Помню, как Саша в ранние годы встречался у нас со своим отцом. Отец любил его, расспрашивал об университетских делах, и они подолгу просиживали рядом за столом. Саша прямой, спокойный, несколько «навытяжку», отвечал немногословно, выговаривал отчетливо все буквы, немного выдвигая нижнюю губу и подбородок. Отец сидел сгорбившись, нервно перебирая часовую цепочку или постукивая по столу длинными желтыми ногтями.
Его замечательные черные глаза смотрели из-под густых бровей куда-то в сторону. Иногда он горячился, но голоса никогда не повышал.
Однажды Александр Львович, приехав из Варшавы, сейчас же вызвал сына: «Ты должен выбрать себе какой-нибудь псевдоним, — говорил он Саше, — а не подписывать свои сочинения, как я — «А. Блок». Неудобно ведь мне, старому профессору, когда мне приписывают стихи о какой-то «Прекрасной даме». Избавь меня, пожалуйста, от этого». Саша стал подписываться с тех пор иначе.
Зимой 1915–1916 г. после долгого перерыва я вернулась в Петроград и от сестры узнала некоторые подробности о жизни Саши. Как-то мы отправились с ней на дневное представление оперы «Кармен» с участием артистки Дельмас. Там оказался Саша. Он увидал меня, подошел, и мы с ним тепло, уютно поговорили.
— Я думала, ты меня не узнаешь: ведь ты стал такой знаменитостью, — сказала я.
— Как можешь ты говорить это серьезно, Соня! Я никогда не переставал помнить и любить вас по-прежнему. Только теперь я живу большей частью один. В обществе мне тяжело бывать.

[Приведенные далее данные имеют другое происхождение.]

definition principal_downset :: "('a \<times> 'a) set \<Rightarrow> 'a set \<Rightarrow> 'a \<Rightarrow> 'a set" where
  "principal_downset r X d = {j \<in> X. (j, d) \<in> r}"

lemma downsets_subset: "I \<in> downsets r X \<Longrightarrow> I \<subseteq> X"
  by (simp add: downsets_def)

lemma upsets_subset: "A \<in> upsets r X \<Longrightarrow> A \<subseteq> X"
  by (simp add: upsets_def)

lemma finite_downsets: "finite X \<Longrightarrow> finite (downsets r X)"
  by (rule finite_subset[of _ "Pow X"]) (auto simp: downsets_def)

lemma coeff_piP:
  assumes "finite X"
  shows "coeff (piP r \<tau> \<eta> X D) k = (\<Sum>I\<in>{I\<in>downsets r X. card I = k}. phi r \<tau> \<eta> D I)"
proof -
  have "coeff (piP r \<tau> \<eta> X D) k = (\<Sum>I\<in>downsets r X. if card I = k then phi r \<tau> \<eta> D I else 0)"
    unfolding piP_def by (simp add: coeff_sum coeff_monom)
  also have "\<dots> = (\<Sum>I\<in>{I\<in>downsets r X. card I = k}. phi r \<tau> \<eta> D I)"
    using finite_downsets[OF assms] by (simp add: sum.inter_filter)
  finally show ?thesis .
qed

lemma phi_eq_if_disjoint:
  assumes "A \<subseteq> D" "I \<inter> (D - A) = {}"
  shows "phi r \<tau> \<eta> D I = phi r \<tau> \<eta> A I"
proof -
  have "I \<inter> D = I \<inter> A" and "maxs r I - D = maxs r I - A"
    using assms unfolding maxs_def by auto
  then show ?thesis unfolding phi_def by simp
qed

lemma principal_downset_in_downsets:
  "trans r \<Longrightarrow> principal_downset r X d \<in> downsets r X"
  unfolding principal_downset_def downsets_def by (auto dest: transD)

lemma maxs_principal_downset:
  assumes "d \<in> X" "(d, d) \<in> r" "antisym r"
  shows "maxs r (principal_downset r X d) = {d}"
  using assms unfolding maxs_def principal_downset_def antisym_def by auto

lemma minimal_downset_eq_principal:
  assumes "finite X" "\<forall>x\<in>X. (x, x) \<in> r" "trans r"
    and I: "I \<in> downsets r X" "d \<in> I \<inter> E"
    and minimal: "\<And>J. J \<in> downsets r X \<Longrightarrow> J \<inter> E \<noteq> {} \<Longrightarrow> card I \<le> card J"
  shows "I = principal_downset r X d"
proof (rule card_seteq[symmetric])
  have IX: "I \<subseteq> X" using I(1) by (rule downsets_subset)
  then show "finite I" using \<open>finite X\<close> by (rule finite_subset)
  have "d \<in> principal_downset r X d \<inter> E"
    using assms(2) I(2) IX by (auto simp: principal_downset_def)
  then show "card I \<le> card (principal_downset r X d)"
    by (intro minimal principal_downset_in_downsets[OF \<open>trans r\<close>]) blast
  show "principal_downset r X d \<subseteq> I"
    using I unfolding principal_downset_def downsets_def by blast
qed

lemma phi_less_on_minimal_downset:
  assumes "finite X" and refl: "\<forall>x\<in>X. (x, x) \<in> r" and "trans r" "antisym r"
    and tau: "\<forall>i\<in>X. \<tau> i > 0" and eta: "\<forall>i\<in>X. \<eta> i > -1"
    and A: "A \<in> upsets r X" and "A \<subseteq> D"
    and I: "I \<in> downsets r X" "I \<inter> (D - A) \<noteq> {}"
    and minimal: "\<And>J. J \<in> downsets r X \<Longrightarrow> J \<inter> (D - A) \<noteq> {} \<Longrightarrow> card I \<le> card J"
  shows "phi r \<tau> \<eta> D I < phi r \<tau> \<eta> A I"
proof -
  have principal: "I = principal_downset r X j" if "j \<in> I \<inter> (D - A)" for j
    using minimal_downset_eq_principal[OF assms(1-3) I(1) that minimal] .
  obtain d where d: "d \<in> I \<inter> (D - A)" using I(2) by blast
  have IX: "I \<subseteq> X" using I(1) downsets_subset by blast
  then have "d \<in> X" using d by blast
  have below_d: "(j, d) \<in> r" if "j \<in> I" for j
    using that principal[OF d] by (simp add: principal_downset_def)
  have IA: "I \<inter> A = {}"
    using A d below_d \<open>d \<in> X\<close> unfolding upsets_def by blast
  have ID: "I \<inter> D = {d}"
  proof (intro equalityI subsetI)
    fix j assume j: "j \<in> I \<inter> D"
    then have "(d, j) \<in> r"
      using IA principal[of j] d by (auto simp: principal_downset_def)
    with below_d j \<open>antisym r\<close> show "j \<in> {d}" by (auto dest: antisymD)
  qed (use d in auto)
  have maxs_I: "maxs r I = {d}"
    using principal[OF d] maxs_principal_downset[OF \<open>d \<in> X\<close>] refl \<open>d \<in> X\<close> \<open>antisym r\<close>
    by simp
  define T where "T = (\<Prod>i\<in>I - {d}. \<tau> i)"
  have "T > 0" unfolding T_def using IX tau by (intro prod_pos) auto
  have "phi r \<tau> \<eta> D I = - T"
    unfolding phi_def ID maxs_I T_def using d by simp
  moreover have "phi r \<tau> \<eta> A I = T * \<eta> d"
    unfolding phi_def IA maxs_I T_def using d by (simp add: Diff_triv)
  moreover have "0 < T * (\<eta> d + 1)"
    using \<open>T > 0\<close> eta \<open>d \<in> X\<close> by (intro mult_pos_pos) auto
  ultimately show ?thesis by (simp add: algebra_simps)
qed

lemma coeff_piP_lex_less:
  assumes "finite X" "\<forall>x\<in>X. (x, x) \<in> r" "trans r" "antisym r"
    and "\<forall>i\<in>X. \<tau> i > 0" "\<forall>i\<in>X. \<eta> i > -1"
    and A: "A \<in> upsets r X" and "A \<subset> D" "D \<subseteq> X"
  shows "\<exists>k. coeff (piP r \<tau> \<eta> X D) k < coeff (piP r \<tau> \<eta> X A) k \<and>
    (\<forall>j<k. coeff (piP r \<tau> \<eta> X D) j = coeff (piP r \<tau> \<eta> X A) j)"
proof -
  let ?meets = "\<lambda>I. I \<in> downsets r X \<and> I \<inter> (D - A) \<noteq> {}"
  obtain d where d: "d \<in> D - A" using \<open>A \<subset> D\<close> by blast
  moreover have "(d, d) \<in> r" using d assms(2,9) by blast
  ultimately have "?meets (principal_downset r X d)"
    using assms(3,9) principal_downset_in_downsets by (auto simp: principal_downset_def)
  then obtain I0 where I0: "?meets I0" and minimal: "\<And>J. ?meets J \<Longrightarrow> card I0 \<le> card J"
    using ex_has_least_nat[of ?meets _ card] by blast
  have same: "phi r \<tau> \<eta> D I = phi r \<tau> \<eta> A I" if "I \<in> downsets r X" "\<not> ?meets I" for I
    using that \<open>A \<subset> D\<close> by (intro phi_eq_if_disjoint) auto
  have less: "phi r \<tau> \<eta> D I < phi r \<tau> \<eta> A I"
    if I: "?meets I" "card I = card I0" for I
  proof (rule phi_less_on_minimal_downset[OF assms(1-7) psubset_imp_subset[OF assms(8)]])
    show "I \<in> downsets r X" "I \<inter> (D - A) \<noteq> {}" using I(1) by auto
    fix J assume "J \<in> downsets r X" "J \<inter> (D - A) \<noteq> {}"
    then show "card I \<le> card J" using minimal I(2) by simp
  qed
  have "coeff (piP r \<tau> \<eta> X D) (card I0) < coeff (piP r \<tau> \<eta> X A) (card I0)"
    unfolding coeff_piP[OF \<open>finite X\<close>]
  proof (rule sum_strict_mono_ex1)
    show "finite {I \<in> downsets r X. card I = card I0}"
      using finite_downsets[OF \<open>finite X\<close>] by simp
    show "\<forall>I\<in>{I \<in> downsets r X. card I = card I0}. phi r \<tau> \<eta> D I \<le> phi r \<tau> \<eta> A I"
    proof
      fix I assume "I \<in> {I \<in> downsets r X. card I = card I0}"
      then show "phi r \<tau> \<eta> D I \<le> phi r \<tau> \<eta> A I"
        by (cases "?meets I") (simp_all add: same less less_imp_le)
    qed
    show "\<exists>I\<in>{I \<in> downsets r X. card I = card I0}. phi r \<tau> \<eta> D I < phi r \<tau> \<eta> A I"
      using I0 less[OF I0 refl] by blast
  qed
  moreover have "coeff (piP r \<tau> \<eta> X D) j = coeff (piP r \<tau> \<eta> X A) j" if "j < card I0" for j
    unfolding coeff_piP[OF \<open>finite X\<close>]
  proof (rule sum.cong[OF refl])
    fix I assume "I \<in> {I \<in> downsets r X. card I = j}"
    with that minimal[of I] show "phi r \<tau> \<eta> D I = phi r \<tau> \<eta> A I"
      by (intro same) auto
  qed
  ultimately show ?thesis by blast
qed
(* Let $n$ be a positive integer and let $T$ be a strongly connected tournament on $n$ vertices which is not isomorphic to $D_n$, and let $k>1$ be an integer. Then $P(T;k)<P(D_n;k)$. Here $D_n$ is the tournament on $\{v_1,\ldots,v_n\}$ in which, for $1\le i<j\le n$ with $(i,j)\ne(1,n)$, the edge between $v_i$ and $v_j$ is directed from $v_i$ to $v_j$, and the edge between $v_1$ and $v_n$ is directed from $v_n$ to $v_1$.
   Context: A tournament is an orientation of a complete graph; it is strongly connected if for any two vertices there is a directed path from each to the other. For a positive integer $k$, a proper $k$-coloring of a digraph $D$ is a map $c:V(D)\to\{1,\ldots,k\}$ such that each color class induces a subdigraph with no directed cycle; $P(D;k)$ denotes the number of proper $k$-colorings of $D$. *)

theory Defs
  imports Main "HOL-Library.FuncSet"
begin

definition tournament :: "'a set \<Rightarrow> 'a rel \<Rightarrow> bool" where
  "tournament V A \<longleftrightarrow> A \<subseteq> V \<times> V \<and> (\<forall>v\<in>V. (v, v) \<notin> A) \<and>
     (\<forall>u\<in>V. \<forall>v\<in>V. u \<noteq> v \<longrightarrow> ((u, v) \<in> A \<longleftrightarrow> (v, u) \<notin> A))"

definition strongly_connected :: "'a set \<Rightarrow> 'a rel \<Rightarrow> bool" where
  "strongly_connected V A \<longleftrightarrow> (\<forall>u\<in>V. \<forall>v\<in>V. (u, v) \<in> (A \<inter> V \<times> V)\<^sup>*)"

definition proper_coloring :: "'a set \<Rightarrow> 'a rel \<Rightarrow> nat \<Rightarrow> ('a \<Rightarrow> nat) \<Rightarrow> bool" where
  "proper_coloring V A k c \<longleftrightarrow> (\<forall>v\<in>V. c v \<in> {1..k}) \<and>
     (\<forall>i\<in>{1..k}. acyclic (A \<inter> ({v\<in>V. c v = i} \<times> {v\<in>V. c v = i})))"

definition chrom_poly :: "'a set \<Rightarrow> 'a rel \<Rightarrow> nat \<Rightarrow> nat" where
  "chrom_poly V A k = card {c \<in> V \<rightarrow>\<^sub>E {1..k}. proper_coloring V A k c}"

definition D_arcs :: "nat \<Rightarrow> nat rel" where
  "D_arcs n = {(i, j). i \<in> {1..n} \<and> j \<in> {1..n} \<and>
      ((i < j \<and> (i, j) \<noteq> (1, n)) \<or> (i = n \<and> j = 1 \<and> 1 < n))}"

И на мою просьбу приехать к нам он не ответил согласием. Он прошел в первый ряд, затем за кулисы, и больше я его не видела.
Но через несколько дней я сама поехала к нему. Повод для свидания был деловой. После нескольких лет вдовства я выходила вторично замуж. Мы решили венчаться негласно, позвав на свадьбу только двух свидетелей. Одним из них был мой родной брат Н. Н. Качалов, «Никс», как мы его звали в нашей семье, другим я наметила Сашу и написала ему, прося принять меня по секретному делу. Он немедленно назначил день. Это было в начале января 1916 г. Я пришла к нему в 5 часов вечера. Он сам открыл мне дверь. В квартире больше никого не было. Комната, в которой он принимал меня, была темной, с простой кабинетной обстановкой. Мы сели посреди комнаты за круглый стол. Когда я ему сказала, что его квартира кажется мне мрачноватой, он подвел меня к окну:
— Зато посмотри, какой вид! — В окне виднелась речная даль (он жил на Пряжке).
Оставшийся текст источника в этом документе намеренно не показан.